>>>>

lemma objective_bdd_below: "bdd_below (objective ` Cset G f g Y e \<mu>)"
proof -
  obtain R where R: "\<And>x y. x \<in> Xset G \<Longrightarrow> \<forall>i. g x y $ i \<le> e \<Longrightarrow> norm y \<le> R"
    using bounded_constraint_sublevel[of e] unfolding bounded_iff by blast
  have "objective ` Cset G f g Y e \<mu> \<subseteq> (\<lambda>(x, y). F x y) ` (Xset G \<times> cball 0 R)"
  proof clarify
    fix x y lam assume "(x, y, lam) \<in> Cset G f g Y e \<mu>"
    then have "x \<in> Xset G" "\<forall>i. g x y $ i \<le> e" unfolding Cset_def Xset_def by auto
    then show "F x y \<in> (\<lambda>(x, y). F x y) ` (Xset G \<times> cball 0 R)" using R by force
  qed
  moreover have "compact ((\<lambda>(x, y). F x y) ` (Xset G \<times> cball 0 R))"
    by (intro compact_continuous_image continuous_on_subset[OF continuous_F] compact_Times
        compact_X compact_cball) auto
  ultimately show ?thesis
    by (meson bdd_below_mono bounded_imp_bdd_below compact_imp_bounded)
qed

lemma DBP_inf_le_objective: "q \<in> Cset G f g Y e \<mu> \<Longrightarrow> DBP_inf F G f g Y e \<mu> \<le> objective q"
  unfolding DBP_inf_def by (rule cInf_lower[OF imageI objective_bdd_below])

lemma DBP_inf_antimono:
  assumes "e \<le> e'" "\<mu> \<le> \<mu>'" "Cset G f g Y e \<mu> \<noteq> {}"
  shows "DBP_inf F G f g Y e' \<mu>' \<le> DBP_inf F G f g Y e \<mu>"
  unfolding DBP_inf_def
  using assms by (intro cInf_superset_mono objective_bdd_below image_mono Cset_mono) auto

lemma Cset_closed_sequentially:
  assumes es: "es \<longlonglongrightarrow> e" and ms: "ms \<longlonglongrightarrow> \<mu>"
    and qs: "\<And>k. qs k \<in> Cset G f g Y (es k) (ms k)" and lim: "qs \<longlonglongrightarrow> (x, y, lam)"
  shows "(x, y, lam) \<in> Cset G f g Y e \<mu>"
proof -
  define xs ys ls where "xs = (\<lambda>k. fst (qs k))" and "ys = (\<lambda>k. fst (snd (qs k)))"
    and "ls = (\<lambda>k. snd (snd (qs k)))"
  have qe: "qs k = (xs k, ys k, ls k)" for k by (simp add: xs_def ys_def ls_def)
  have xl: "xs \<longlonglongrightarrow> x" and yl: "ys \<longlonglongrightarrow> y" and ll: "ls \<longlonglongrightarrow> lam"
    using tendsto_fst[OF lim] tendsto_fst[OF tendsto_snd[OF lim]] tendsto_snd[OF tendsto_snd[OF lim]]
    by (simp_all add: xs_def ys_def ls_def)
  have C: "\<forall>i. G (xs k) $ i \<le> 0" "\<forall>i. g (xs k) (ys k) $ i \<le> es k" "\<forall>i. 0 \<le> ls k $ i"
    "f (xs k) (ys k) - es k \<le> hmu Y f g (ms k) (ls k) (xs k)" for k
    using qs[of k] unfolding qe Cset_def by auto
  have "G x $ i \<le> 0" for i
    using C(1) by (intro LIMSEQ_le_const2[OF tendsto_vec_nth[OF continuous_on_tendsto_compose[OF continuous_G xl]]]) auto
  moreover have "g x y $ i \<le> e" for i
    using C(2) by (intro LIMSEQ_le[OF tendsto_g_nth[OF xl yl] es]) auto
  moreover have "0 \<le> lam $ i" for i
    using C(3) by (intro LIMSEQ_le_const[OF tendsto_vec_nth[OF ll]]) auto
  moreover have "f x y - e \<le> hmu Y f g \<mu> lam x"
    unfolding hmu_def
  proof (rule cINF_greatest[OF Y_nonempty])
    fix y' assume "y' \<in> Y"
    show "f x y - e \<le> \<mu> * (norm y')\<^sup>2 + f x y' + lam \<bullet> g x y'"
    proof (rule LIMSEQ_le)
      show "(\<lambda>k. f (xs k) (ys k) - es k) \<longlonglongrightarrow> f x y - e"
        by (intro tendsto_intros tendsto_uncurried_continuous[OF continuous_f] xl yl es)
      show "(\<lambda>k. ms k * (norm y')\<^sup>2 + f (xs k) y' + ls k \<bullet> g (xs k) y') \<longlonglongrightarrow> \<mu> * (norm y')\<^sup>2 + f x y' + lam \<bullet> g x y'"
        by (intro tendsto_intros tendsto_uncurried_continuous[OF continuous_f] tendsto_uncurried_continuous[OF continuous_g] xl ms ll)
      show "\<exists>N. \<forall>k\<ge>N. f (xs k) (ys k) - es k \<le> ms k * (norm y')\<^sup>2 + f (xs k) y' + ls k \<bullet> g (xs k) y'"
        using C(4) hmu_le[OF \<open>y' \<in> Y\<close>] order_trans by blast
    qed
  qed
  ultimately show ?thesis unfolding Cset_def by auto
qed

<<<<

### Exercise brief
Reproduce only the lines above spanning from the line containing "proof clarify" through the line containing "Xset_def by auto", word for word.

### Response
  proof clarify
    fix x y lam assume "(x, y, lam) \<in> Cset G f g Y e \<mu>"
    then have "x \<in> Xset G" "\<forall>i. g x y $ i \<le> e" unfolding Cset_def Xset_def by auto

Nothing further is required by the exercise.